Bottom half and techniques to implement
Bottom half" is a generic operating system term referring to the deferred portion of interrupt processing, so named because it represents the second, or bottom, half of the interrupt processing solution. In Linux, the term currently has this meaning, too. All the kernel's mechanisms for deferring work are "bottom halves." Some people also confusingly call all bottom halves "softirqs," but they are just being annoying. "Bottom half" also refers to the original deferred work mechanism in Linux. This mechanism is also known as a "BH," so we call it by that name now and leave the former as a generic description. The BH mechanism was deprecated a while back and fully removed in 2.5. Currently, there are three methods for deferring work: softirqs, tasklets, and work queues. Tasklets are built on softirqs and work queues are entirely different.
Using Softirqs
Softirqs are reserved for the most timing-critical and important bottom-half processing on the system. Currently only two subsystems networking and SCSIdirectly use softirqs. Additionally, kernel timers and tasklets are built on top of softirqs. If you are adding a new softirq, you normally want to ask yourself why using a tasklet is insufficient. Tasklets are dynamically created and are simpler to use because of their weaker locking requirements, and they still perform quite well. Nonetheless, for timing-critical applications that are able to do their own locking in an efficient way, softirqs might be the correct solution.
Tasklets
Tasklets are a bottom-half mechanism built on top of softirqs. As already mentioned, they have nothing to do with tasks. Tasklets are similar in nature and work in a similar manner to softirqs; however, they have a simpler interface and relaxed locking rules. The decision between whether to use softirqs versus tasklets is simple: You usually want to use tasklets. Softirqs are required only for very high-frequency and highly threaded uses. Tasklets, on the other hand, see much greater use. Tasklets work just fine for the vast majority of cases and they are very easy to use.

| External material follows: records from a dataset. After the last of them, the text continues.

lemma sin_tan_remainder_eq_tail_coeff:
  fixes x :: real
  assumes N: "1 \<le> N" and x: "x \<noteq> 0" "\<bar>x\<bar> \<le> pi/2"
  shows "sin_tan_remainder N x = x^(2*N+2) * tail_coeff N ((x/pi)^2)"
proof -
  have "\<bar>x\<bar> < pi" "\<bar>x/2\<bar> < pi" using x(2) pi_gt_zero by linarith+
  have v: "0 \<le> (x/pi)^2" "(x/pi)^2 \<le> 1/4"
    using power2_div_le_quarter[OF pi_gt_zero x(2)] by simp_all
  have "(\<lambda>m. 4 * (2 * (x/2)^2 / ((x/2)^2 - (real (Suc m) * pi)^2)) - 2 * x^2 / (x^2 - (real (Suc m) * pi)^2)
          - (\<Sum>j=2..N. 2 * ((x/pi)^(2*j) - 4 * (x/(2*pi))^(2*j)) / real (Suc m)^(2*j)))
      sums (4 * ((x/2) * cot (x/2) - 1) - (x * cot x - 1)
          - (\<Sum>j=2..N. (2^(2*j) - 4) * \<bar>bernoulli_num (2*j)\<bar> / fact (2*j) * x^(2*j)))"
    using x \<open>\<bar>x\<bar> < pi\<close> \<open>\<bar>x/2\<bar> < pi\<close>
    by (intro sums_diff sums_mult cot_partial_fractions sums_sum bernoulli_term_sums) auto
  moreover have "(\<lambda>m. x^(2*N+2) * tail_term N ((x/pi)^2) m) sums (x^(2*N+2) * tail_coeff N ((x/pi)^2))"
    unfolding tail_coeff_def using v by (intro sums_mult summable_sums summable_tail_term)
  ultimately have "4 * ((x/2) * cot (x/2) - 1) - (x * cot x - 1)
          - (\<Sum>j=2..N. (2^(2*j) - 4) * \<bar>bernoulli_num (2*j)\<bar> / fact (2*j) * x^(2*j))
      = x^(2*N+2) * tail_coeff N ((x/pi)^2)"
    unfolding partial_fraction_term_remainder[OF N x(2)] by (rule sums_unique2)
  thus ?thesis
    unfolding sin_tan_remainder_def sin_tan_half_angle[OF x(1) \<open>\<bar>x\<bar> < pi\<close>] by simp
qed

section \<open>The constants\<close>

lemma tail_coeff_zero_eq:
  assumes "1 \<le> N"
  shows "tail_coeff N 0 = (2 ^ (2*N+2) - 4) * \<bar>bernoulli_num (2*N+2)\<bar> / fact (2*N+2)"
proof -
  have pow: "(2::real)^(2*N+2) = 4 * 4^N" by (simp add: power_add power_mult)
  have "\<bar>bernoulli_num (2*N+2)\<bar> = 2 * fact (2*N+2) * zeta (2*N+2) / (2*pi)^(2*N+2)"
    using abs_bernoulli_num_even[of "N+1"] by (simp only: mult_Suc_right add_2_eq_Suc') simp
  also have "(2*pi)^(2*N+2) = 4 * 4^N * pi^(2*N+2)"
    unfolding power_mult_distrib pow ..
  finally have "\<bar>bernoulli_num (2*N+2)\<bar> = 2 * fact (2*N+2) * zeta (2*N+2) / (4 * 4^N * pi^(2*N+2))" .
  hence "(2 ^ (2*N+2) - 4) * \<bar>bernoulli_num (2*N+2)\<bar> / fact (2*N+2)
      = (4 * 4^N - 4) * (2 * fact (2*N+2) * zeta (2*N+2) / (4 * 4^N * pi^(2*N+2))) / fact (2*N+2)"
    unfolding pow by simp
  also have "\<dots> = 2 * (1 - 1 / 4^N) * zeta (2*N+2) / pi^(2*N+2)"
  proof -
    have gen: "(4 * X - 4) * (2 * F * Z / (4 * X * P)) / F = 2 * (1 - 1 / X) * Z / P"
      if "0 < X" "0 < P" "F \<noteq> 0" for X P F Z :: real
      using that by (simp add: field_simps)
    show ?thesis by (rule gen) simp_all
  qed
  finally show ?thesis by (simp add: tail_coeff_zero power_one_over)
qed

lemma summable_div_power_mult:
  fixes s d :: "nat \<Rightarrow> real"
  assumes "1 \<le> N" "\<And>m. \<bar>s m\<bar> \<le> C" "\<And>m. 1 \<le> d m"
  shows "summable (\<lambda>m. s m / (real (Suc m)^(2*N) * d m))"
proof (rule summable_comparison_test')
  show "summable (\<lambda>m. C * (1 / real (Suc m)^(2*N)))"
    using assms(1) by (intro summable_mult summable_zeta) simp
  show "norm (s m / (real (Suc m)^(2*N) * d m)) \<le> C * (1 / real (Suc m)^(2*N))" for m
  proof -
    have "norm (s m / (real (Suc m)^(2*N) * d m)) = \<bar>s m\<bar> / d m / real (Suc m)^(2*N)"
      using assms(3)[of m] by (simp add: abs_mult abs_divide field_simps)
    also have "\<dots> \<le> C / 1 / real (Suc m)^(2*N)"
      using assms(2,3)[of m] by (intro divide_right_mono frac_le) auto
    finally show ?thesis by simp
  qed
qed

lemma tail_term_quarter:
  "tail_term N (1/4) m = 1 / pi^(2*N+2) * (8 / (real (Suc m)^(2*N) * (4 * real (Suc m)^2 - 1))
     - 32 * (1/4)^N / (real (Suc m)^(2*N) * (16 * real (Suc m)^2 - 1)))"
proof -
  define K where "K = real (Suc m)"
  define P where "P = pi^(2*N+2)"
  have K: "1 \<le> K^2" "0 < K^(2*N)" "0 < K" by (simp_all add: K_def)
  have "1 / (1 - 1/4/Q) = 4*Q / (4*Q - 1)" "c / (1 - 1/4/Q/4) = c * (16*Q / (16*Q - 1))"
    if "1 \<le> Q" for Q c :: real
    using that by (simp_all add: field_simps)
  hence "tail_factor N (1/4 / K^2) = 4*K^2 / (4*K^2 - 1) - (1/4)^N * (16*K^2 / (16*K^2 - 1))"
    using K by (simp add: tail_factor_def)
  hence "tail_term N (1/4) m
      = 2 / (P * (K^(2*N) * K^2)) * (4*K^2 / (4*K^2 - 1) - (1/4)^N * (16*K^2 / (16*K^2 - 1)))"
    unfolding tail_term_def K_def[symmetric] P_def[symmetric] power_add[of K] by simp
  also have "\<dots> = 1 / P * (8 / (K^(2*N) * (4*K^2 - 1)) - 32 * (1/4)^N / (K^(2*N) * (16*K^2 - 1)))"
  proof -
    have gen: "2 / (P * (Kp * Q)) * (4*Q/A - c * (16*Q/B)) = 1/P * (8/(Kp*A) - 32*c/(Kp*B))"
      if "0 < P" "0 < Kp" "0 < Q" "0 < A" "0 < B" for P Kp Q A B c :: real
      using that by (simp add: field_simps)
    show ?thesis by (rule gen) (use K in \<open>simp_all add: P_def\<close>)
  qed
  finally show ?thesis unfolding K_def P_def .
qed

In most cases, tasklets are the preferred mechanism with which to implement your bottom half for a normal hardware device. Tasklets are dynamically created, easy to use, and very quick. Moreover, although their name is mind-numbingly confusing, it grows on you: It is cute.
Work Queues
Work queues are a different form of deferring work from what we have looked at so far. Work queues defer work into a kernel thread this bottom half always runs in process context. Thus, code deferred to a work queue has all the usual benefits of process context. Most importantly, work queues are schedulable and can therefore sleep.
Normally, it is easy to decide between using work queues and softirqs/tasklets. If the deferred work needs to sleep, work queues are used. If the deferred work need not sleep, softirqs or tasklets are used.